Starlink: Why Elon Musk’s Starlink lost $86 million: All the details


Elon Musk‘s ambitious Starlink satellite internet project has lost out on a $85.5 million subsidy from the Federal Communications Commission (FCC). The funding, part of the FCC’s Rural Digital Opportunity Fund (RDOF), was intended to help bring broadband internet to underserved rural areas in the United States.
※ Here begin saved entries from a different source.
(* Let $q\ge 2$, $n\ge 1$, $h\in F(n,q)$ and $k=\kappa^{\min}(h)$. Then $\Omega(h)+k\le \mathcal{L}^*(h)$.
   Context: Let $q\ge 2$, $A=\{0,1,\dots,q-1\}$, $[n]=\{1,\dots,n\}$, and let $F(n,q)$ be the set of all maps $A^n\to A^n$. For $f\in F(m,q)$ and $i\in[m]$, $f_i$ is the $i$-th coordinate function and $f^i(x)=(x_1,\dots,x_{i-1},f_i(x),x_{i+1},\dots,x_m)$; for a word $w=(w_1,\dots,w_t)$ over $[m]$, $f^w=f^{w_t}\circ\cdots\circ f^{w_1}$. $\Pi([m])$ is the set of permutations of $[m]$ written as words $(w_1,\dots,w_m)$. $\mathrm{pr}_{[n]}:A^m\to A^n$ is the projection onto the first $n$ coordinates. For $m\ge n$, $(f,w)$ with $f\in F(m,q)$, $w\in\Pi([m])$ sequentializes $h\in F(n,q)$ if $\mathrm{pr}_{[n]}\circ f^w=h\circ\mathrm{pr}_{[n]}$. $\kappa^{\min}(h)$ is the smallest $k\ge 0$ such that there exist $f\in F(n+k,q)$ and $w\in\Pi([n+k])$ with $(f,w)$ sequentializing $h$. A coordinate function $h_i$ is trivial if $h_i(x)=x_i$ for all $x$; $\Omega(h)$ is the number of $i\in[n]$ such that $h_i$ is not trivial. $F^*(m,q)$ is the set of $g\in F(m,q)$ that update at most one coordinate, i.e. there is $i\in[m]$ with $g_j(x)=x_j$ for all $j\ne i$ and all $x\in A^m$. For $m\ge n$, $\mathcal{L}(h\,|\,m)$ is the smallest $t\ge 0$ such that there exist $g^{(1)},\dots,g^{(t)}\in F^*(m,q)$ with $\mathrm{pr}_{[n]}\circ g^{(t)}\circ\cdots\circ g^{(1)}=h\circ\mathrm{pr}_{[n]}$, and $\mathcal{L}^*(h)=\min\{\mathcal{L}(h\,|\,m): m\ge n\}$. *)

theory Defs
  imports Main
begin

text \<open>Points of A^m, A = {0..<q}, are lists of length m with entries < q.
  Coordinates are 0-based: coordinate i of the paper is list index i-1.\<close>

definition space :: "nat \<Rightarrow> nat \<Rightarrow> nat list set" where
  "space q m = {xs. length xs = m \<and> set xs \<subseteq> {0..<q}}"

text \<open>f \<in> F(m,q): a map A^m \<rightarrow> A^m (only its values on A^m matter).\<close>
definition inF :: "nat \<Rightarrow> nat \<Rightarrow> (nat list \<Rightarrow> nat list) \<Rightarrow> bool" where
  "inF m q f \<longleftrightarrow> (\<forall>x\<in>space q m. f x \<in> space q m)"
text \<open>When exactly one agent of the duple is needy nobody abstains: the levels of the two
  agents differ in parity.\<close>

lemma votes_singleton_sum:
  assumes "i \<in> agents n" "j \<in> agents n" "i \<noteq> j"
  shows "votes n r {i} i j + votes n r {i} j i = n - 2"
proof -
  let ?for = "{l \<in> agents n - {i, j}. lev r {i} l i < lev r {i} l j}"
  let ?against = "{l \<in> agents n - {j, i}. lev r {i} l j < lev r {i} l i}"
  have "lev r {i} l i < lev r {i} l j \<or> lev r {i} l j < lev r {i} l i" for l
    using assms(3) by (cases "r l i"; cases "r l j") (simp_all add: lev_def)
  then have "?for \<union> ?against = agents n - {i, j}"
    by auto
  moreover have "card (?for \<union> ?against) = card ?for + card ?against"
    by (rule card_Un_disjoint) (auto simp: finite_agents)
  moreover have "card (agents n - {i, j}) = n - 2"
    using assms by (simp add: card_Diff_subset finite_agents card_agents)
  ultimately show ?thesis
    unfolding votes_def by simp
qed

lemma card_supporters_add_le:
  assumes "i \<in> agents n" "j \<in> agents n" "i \<noteq> j"
  shows "card (supporters n r i j) + card (supporters n r j i) \<le> n - 2"
proof -
  have "card (supporters n r i j) + card (supporters n r j i) = card (supporters n r i j \<union> supporters n r j i)"
    by (rule card_Un_disjoint[symmetric]) (auto simp: supporters_def finite_agents)
  also have "\<dots> \<le> card (agents n - {i, j})"
    by (rule card_mono) (auto simp: supporters_def finite_agents)
  also have "\<dots> = n - 2"
    using assms by (simp add: card_Diff_subset finite_agents card_agents)
  finally show ?thesis .
qed

text \<open>When \<open>i\<close> is the only needy agent of the duple \<open>{i, j}\<close>, the supporters of \<open>j\<close> vote
  against \<open>i\<close> and all other agents for it, so \<open>i\<close> wins unless it is outranked by \<open>j\<close>.\<close>

definition outranked :: "nat \<Rightarrow> (nat \<Rightarrow> nat \<Rightarrow> relation) \<Rightarrow> nat \<Rightarrow> nat \<Rightarrow> bool" where
  "outranked n r i j \<longleftrightarrow> n - 2 \<le> 2 * card (supporters n r j i)"

definition contested_pairs :: "nat \<Rightarrow> (nat \<Rightarrow> nat \<Rightarrow> relation) \<Rightarrow> (nat \<times> nat) set" where
  "contested_pairs n r = {(i, j) \<in> distinct_pairs n. outranked n r i j \<or> outranked n r j i}"

lemma duple_share_singleton_pair_ge:
  assumes "i \<in> agents n" "j \<in> agents n" "i \<noteq> j"
  shows "duple_share n r {i} i j + duple_share n r {j} j i \<ge> 2 - of_bool ((i, j) \<in> contested_pairs n r)"
proof -
  have "votes n r {i} i j + card (supporters n r j i) = n - 2"
       "votes n r {j} j i + card (supporters n r i j) = n - 2"
    using votes_singleton_sum[OF assms] votes_singleton_sum[of j n i r] assms
    by (simp_all add: votes_singleton_against)
  moreover have "card (supporters n r i j) + card (supporters n r j i) \<le> n - 2"
    using card_supporters_add_le[OF assms] .
  ultimately show ?thesis
    using assms
    by (auto simp: duple_share_def votes_singleton_against outranked_def contested_pairs_def
        distinct_pairs_def)
qed
lemma expressible_holds:
  assumes "fo_sig Sig n \<theta>" "fv \<theta> \<subseteq> B"
  shows "expressible \<beta> L B V (\<lambda>t ve qe. holds t \<theta> ve)"
  by (rule expressibleI[where col = "\<lambda>b qe. 0" and \<theta> = "\<lambda>c. \<theta>"])
    (use assms in \<open>auto simp: depends_on_block_def\<close>)

lemma expressible_block:
  assumes "depends_on_block \<beta> V b P"
  shows "expressible \<beta> L B V (\<lambda>t ve qe. P qe)"
proof (rule expressibleI[where col = "\<lambda>b' qe. if b' = b \<and> P qe then 1 else 0"
      and \<theta> = "\<lambda>c. if c b = 1 then FTrue else FFalse"])
  show "finite (range (\<lambda>qe. if b' = b \<and> P qe then 1 else 0 :: nat))" for b'
    by (rule finite_subset[of _ "{0, 1}"]) auto
  show "depends_on_block \<beta> V b' (\<lambda>qe. if b' = b \<and> P qe then 1 else 0 :: nat)" for b'
    using assms by (auto simp: depends_on_block_def)
qed auto

lemma expressible_const: "expressible \<beta> L B V (\<lambda>t ve qe. P)"
  using expressible_block[of \<beta> V 0 "\<lambda>qe. P"] by (simp add: depends_on_block_def)

lemma expressible_neg:
  assumes "expressible \<beta> L B V \<Phi>"
  shows "expressible \<beta> L B V (\<lambda>t ve qe. \<not> \<Phi> t ve qe)"
proof -
  obtain col :: "nat \<Rightarrow> (nat \<Rightarrow> nat list) \<Rightarrow> nat" and \<theta> where
    "\<forall>b. finite (range (col b)) \<and> depends_on_block \<beta> V b (col b)"
    "\<forall>c. fo_sig Sig n (\<theta> c) \<and> fv (\<theta> c) \<subseteq> B"
    "\<forall>t ve qe. wf_tree Sig ar n t \<longrightarrow> consistent t \<beta> L B V ve qe \<longrightarrow>
      (\<Phi> t ve qe \<longleftrightarrow> holds t (\<theta> (\<lambda>b. col b qe)) ve)"
    using assms unfolding expressible_def by blast
  then show ?thesis unfolding expressible_def by (intro exI[of _ col] exI[of _ "\<lambda>c. FNeg (\<theta> c)"]) simp
qed

lemma expressible_conj:
  assumes "expressible \<beta> L B V \<Phi>1" and "expressible \<beta> L B V \<Phi>2"
  shows "expressible \<beta> L B V (\<lambda>t ve qe. \<Phi>1 t ve qe \<and> \<Phi>2 t ve qe)"
proof -
  obtain col1 :: "nat \<Rightarrow> (nat \<Rightarrow> nat list) \<Rightarrow> nat" and \<theta>1
    where 1: "\<And>b. finite (range (col1 b))" "\<And>b. depends_on_block \<beta> V b (col1 b)"
      "\<And>c. fo_sig Sig n (\<theta>1 c)" "\<And>c. fv (\<theta>1 c) \<subseteq> B"
      "\<And>t ve qe. wf_tree Sig ar n t \<Longrightarrow> consistent t \<beta> L B V ve qe \<Longrightarrow>
        \<Phi>1 t ve qe \<longleftrightarrow> holds t (\<theta>1 (\<lambda>b. col1 b qe)) ve"
    using assms(1) by (rule expressibleE) (rule that)
  obtain col2 :: "nat \<Rightarrow> (nat \<Rightarrow> nat list) \<Rightarrow> nat" and \<theta>2
    where 2: "\<And>b. finite (range (col2 b))" "\<And>b. depends_on_block \<beta> V b (col2 b)"
      "\<And>c. fo_sig Sig n (\<theta>2 c)" "\<And>c. fv (\<theta>2 c) \<subseteq> B"
      "\<And>t ve qe. wf_tree Sig ar n t \<Longrightarrow> consistent t \<beta> L B V ve qe \<Longrightarrow>
        \<Phi>2 t ve qe \<longleftrightarrow> holds t (\<theta>2 (\<lambda>b. col2 b qe)) ve"
    using assms(2) by (rule expressibleE) (rule that)
  show ?thesis
  proof (rule expressibleI[where col = "\<lambda>b qe. prod_encode (col1 b qe, col2 b qe)"
        and \<theta> = "\<lambda>c. FConj (\<theta>1 (\<lambda>b. fst (prod_decode (c b)))) (\<theta>2 (\<lambda>b. snd (prod_decode (c b))))"])
    show "finite (range (\<lambda>qe. prod_encode (col1 b qe, col2 b qe)))" for b
      by (rule finite_subset[of _ "prod_encode ` (range (col1 b) \<times> range (col2 b))"])
        (use 1(1) 2(1) in auto)
    show "depends_on_block \<beta> V b (\<lambda>qe. prod_encode (col1 b qe, col2 b qe))" for b
      using 1(2) 2(2) by (simp add: depends_on_block_def)
  qed (use 1 2 in simp_all)
qed
lemma mult_base_mod_power_minus_one:
  fixes q m y :: nat
  assumes m: "m \<ge> 1" and y: "y < q ^ m - 1"
  shows "y * q mod (q ^ m - 1) = y mod q ^ (m - 1) * q + y div q ^ (m - 1)"
proof -
  define P where "P = q ^ (m - 1)"
  define a where "a = y div P"
  define b where "b = y mod P"
  have qP: "q ^ m = q * P"
    using m by (simp add: P_def power_Suc[symmetric])
  have q: "q > 0"
    using y m by (cases "q = 0") (simp_all add: zero_power)
  have y_ab: "y = a * P + b"
    by (simp add: a_def b_def)
  have a: "a < q" and b: "b < P"
    using y q by (simp_all add: a_def b_def P_def qP div_less_iff_less_mult)
  have "q * P \<ge> 1"
    using q b by simp
  then have "a * (q * P - 1) + a = a * (q * P)"
    by (metis add_mult_distrib2 le_add_diff_inverse2 nat_mult_1_right)
  then have "y * q = a * (q * P - 1) + (b * q + a)"
    by (simp add: y_ab algebra_simps)
  moreover have "b * q + a < q * P - 1"
    using rotate_digits_less[OF a b] y y_ab qP by simp
  ultimately show ?thesis
    by (simp add: qP a_def b_def P_def)
qed

lemma digit_mult_base_mod:
  fixes q m y :: nat
  assumes m: "m \<ge> 1" and y: "y < q ^ m - 1" and k: "k < m"
  shows "digit q (y * q mod (q ^ m - 1)) ((k + 1) mod m) = digit q y k"
proof -
  define a where "a = y div q ^ (m - 1)"
  define b where "b = y mod q ^ (m - 1)"
  have q: "q > 0"
    using y m by (cases "q = 0") (simp_all add: zero_power)
  have "q ^ m = q * q ^ (m - 1)"
    using m by (simp add: power_Suc[symmetric])
  then have a: "a < q"
    using y by (simp add: a_def less_mult_imp_div_less)
  have z: "y * q mod (q ^ m - 1) = b * q + a"
    unfolding a_def b_def using mult_base_mod_power_minus_one[OF m y] .
  show ?thesis
  proof (cases "k + 1 < m")
    case True
    have "digit q (b * q + a) (Suc k) = digit q b k"
      unfolding digit_Suc using a by simp
    also have "\<dots> = digit q y k"
      unfolding b_def using True q by (intro digit_mod_power) auto
    finally show ?thesis
      using z True by simp
  next
    case False
    then have "k = m - 1"
      using k by simp
    then show ?thesis
      using z a False k by (simp add: digit_def a_def)
  qed
qed

lemma digit_mult_power_mod:
  fixes q m y :: nat
  assumes m: "m \<ge> 1" and y: "y < q ^ m - 1" and k: "k < m"
  shows "digit q (y * q ^ t mod (q ^ m - 1)) ((k + t) mod m) = digit q y k"
proof (induction t)
  case 0
  then show ?case using y k by simp
next
  case (Suc t)
  have "y * q ^ Suc t mod (q ^ m - 1) = (y * q ^ t mod (q ^ m - 1)) * q mod (q ^ m - 1)"
    by (metis mod_mult_left_eq mult.assoc power_Suc2)
  moreover have "(k + Suc t) mod m = ((k + t) mod m + 1) mod m"
    by (simp add: mod_Suc_eq)
  moreover have "y * q ^ t mod (q ^ m - 1) < q ^ m - 1"
    using y by simp
  ultimately show ?case
    using digit_mult_base_mod[OF m, where y = "y * q ^ t mod (q ^ m - 1)" and k = "(k + t) mod m"] m Suc
    by simp
qed

lemma bij_betw_add_mod: "bij_betw (\<lambda>k. (k + t) mod m) {..<m} {..<(m::nat)}"
proof -
  have "inj_on (\<lambda>k. (k + t) mod m) {..<m}"
  proof (rule inj_onI)
    fix k l
    assume "k \<in> {..<m}" "l \<in> {..<m}" "(k + t) mod m = (l + t) mod m"
    then show "k = l"
      using cong_add_rcancel_nat[of k t l m] by (simp add: cong_def)
  qed
  moreover have "(\<lambda>k. (k + t) mod m) ` {..<m} \<subseteq> {..<m}"
    by auto
  ultimately show ?thesis
    by (simp add: bij_betw_def endo_inj_surj)
qed

lemma qweight_mult_power_mod:
  fixes q m y :: nat
  assumes m: "m \<ge> 1" and y: "y < q ^ m - 1"
  shows "qweight q m (y * q ^ t mod (q ^ m - 1)) = qweight q m y"
proof -
  have "qweight q m (y * q ^ t mod (q ^ m - 1))
      = (\<Sum>k<m. digit q (y * q ^ t mod (q ^ m - 1)) ((k + t) mod m))"
    unfolding qweight_eq_sum_digit by (rule sum.reindex_bij_betw[OF bij_betw_add_mod, symmetric])
  also have "\<dots> = qweight q m y"
    unfolding qweight_eq_sum_digit by (intro sum.cong refl digit_mult_power_mod[OF m y]) simp
  finally show ?thesis .
qed

lemma power_mod_power_minus_one:
  fixes q m k :: nat
  assumes q: "q \<ge> 2" and m: "m \<ge> 2"
  shows "q ^ k mod (q ^ m - 1) = q ^ (k mod m)"
proof -
  have "q ^ m = (q ^ m - 1) + 1"
    using q by simp
  then have "[q ^ m = 1] (mod q ^ m - 1)"
    by (metis cong_def mod_add_self1 add.commute)
  then have "[(q ^ m) ^ (k div m) * q ^ (k mod m) = 1 ^ (k div m) * q ^ (k mod m)] (mod q ^ m - 1)"
    by (intro cong_scalar_right cong_pow)
  then have "[q ^ k = q ^ (k mod m)] (mod q ^ m - 1)"
    by (simp add: power_mult[symmetric] power_add[symmetric])
  moreover have "q ^ (k mod m) < q ^ m - 1"
  proof -
    have "k mod m \<le> m - 1"
      using mod_less_divisor[of m k] m by linarith
    then have "q ^ (k mod m) \<le> q ^ (m - 1)"
      using q by (intro power_increasing) auto
    moreover have "q ^ m = q * q ^ (m - 1)" and "q ^ (m - 1) \<ge> q"
      using q m by (simp_all add: power_Suc[symmetric] self_le_power)
    moreover have "2 * q ^ (m - 1) \<le> q * q ^ (m - 1)"
      using q by (intro mult_le_mono1)
    ultimately show ?thesis
      using q by linarith
  qed
  ultimately show ?thesis
    by (simp add: cong_def)
qed

lemma cyc_coset_subset:
  assumes "(q::nat) \<ge> 2" and "m \<ge> 1"
  shows "cyc_coset q m x \<subseteq> {..<q ^ m - 1}"
proof -
  have "q ^ m \<ge> q"
    using assms by (simp add: self_le_power)
  then show ?thesis
    using assms by (auto simp: cyc_coset_def)
qed

lemma finite_cyc_coset:
  assumes "(q::nat) \<ge> 2" and "m \<ge> 1"
  shows "finite (cyc_coset q m x)"
  using cyc_coset_subset[OF assms] finite_subset by blast

lemma coset_leader_less:
  assumes "(q::nat) \<ge> 2" and "m \<ge> 1" and "coset_leader q m s"
  shows "s < q ^ m - 1"
proof -
  have "q ^ m \<ge> q"
    using assms by (simp add: self_le_power)
  then show ?thesis
    using assms unfolding coset_leader_def by linarith
qed
(* Adding the two EVIs tested at a point (x, y) of the domain gives
     (1/2) d+/dt [d^2(u, x) + d^2(v, y)] <= phi(x, v) - phi(u, y) - (lam/2) [d^2(u, x) + d^2(v, y)].
   At the saddle point (xs, ys) the first difference is <= 0, so for lam > 0 the flow converges
   to it.  Testing with (xs, y) and letting t -> oo, lower semicontinuity of phi(., y) at xs shows
   that phi(xs, .) decays quadratically away from ys: phi(xs, y) <= phi(xs, ys) - (lam/2) d^2(y, ys);
   otherwise the squared distance would eventually decrease at a fixed rate and become negative.
   Symmetrically phi(x, ys) >= phi(xs, ys) + (lam/2) d^2(x, xs).  With these two bounds the
   squared distance F to the saddle point satisfies d+/dt F <= -2 lam F, and a Gronwall lemma for
   upper Dini derivatives, followed by the limit at t = 0, gives the estimate. *)

section \<open>Upper Dini derivatives\<close>

lemma upper_dini_le_iff:
  "upper_dini f t \<le> ereal L \<longleftrightarrow> (\<forall>M>L. \<forall>\<^sub>F h in at_right 0. (f (t + h) - f t) / h < M)"
  unfolding upper_dini_def Limsup_le_iff
proof (intro iffI allI impI)
  fix M assume bound: "\<forall>y>ereal L. \<forall>\<^sub>F h in at_right 0. y > ereal ((f (t + h) - f t) / h)"
    and "L < M"
  have "\<forall>\<^sub>F h in at_right 0. ereal M > ereal ((f (t + h) - f t) / h)"
    using bound[rule_format, of "ereal M"] \<open>L < M\<close> by simp
  then show "\<forall>\<^sub>F h in at_right 0. (f (t + h) - f t) / h < M" by simp
next
  fix y assume "\<forall>M>L. \<forall>\<^sub>F h in at_right 0. (f (t + h) - f t) / h < M" and "ereal L < y"
  then show "\<forall>\<^sub>F h in at_right 0. y > ereal ((f (t + h) - f t) / h)"
    by (cases y) (auto elim: eventually_mono)
qed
Why was Starlink denied subsidy?

The FCC said that Starlink didn’t meet all the necessary criteria and “failed to meet basic program” requirements.“The FCC is tasked with ensuring consumers everywhere have access to high-speed broadband that is reliable and affordable. The agency also has a responsibility to be a good steward of limited public funds meant to expand access to rural broadband, not fund applicants that fail to meet basic program requirements,” said Chairwoman Jessica Rosenworcel


“The FCC followed a careful legal, technical and policy review to determine that this applicant had failed to meet its burden to be entitled to nearly $900 million in universal service funds for almost a decade.”
In a press release, the agency explained that in the Rural Digital Opportunity Fund program, the Commission followed a two-step process which requires applicants to submit a high-level, short-form application for funding which, among other things, does not require the applicant to determine specific areas of service. If applicants receive a winning bid, the process is followed by an in-depth, long-form application used to verify that applicants meet the program requirements based on the specific coverage locations. “The agency qualified Starlink at the short form stage, but at the long form stage, the Commission determined that Starlink failed to demonstrate that it could deliver the promised service,” the agency added.

What Starlink has to say

SpaceX — the Musk company behind Starlink — said that it was “disappointed” and “perplexed” at FCC’s decision. According to a report by The Verge, Christopher Cardaci, head of legal at SpaceX, in a letter write to the FCC, said that “Starlink is arguably the only viable option to immediately connect many of the Americans who live and work in the rural and remote areas of the country where high-speed, low-latency internet has been unreliable, unaffordable, or completely unavailable, the very people RDOF was supposed to connect.”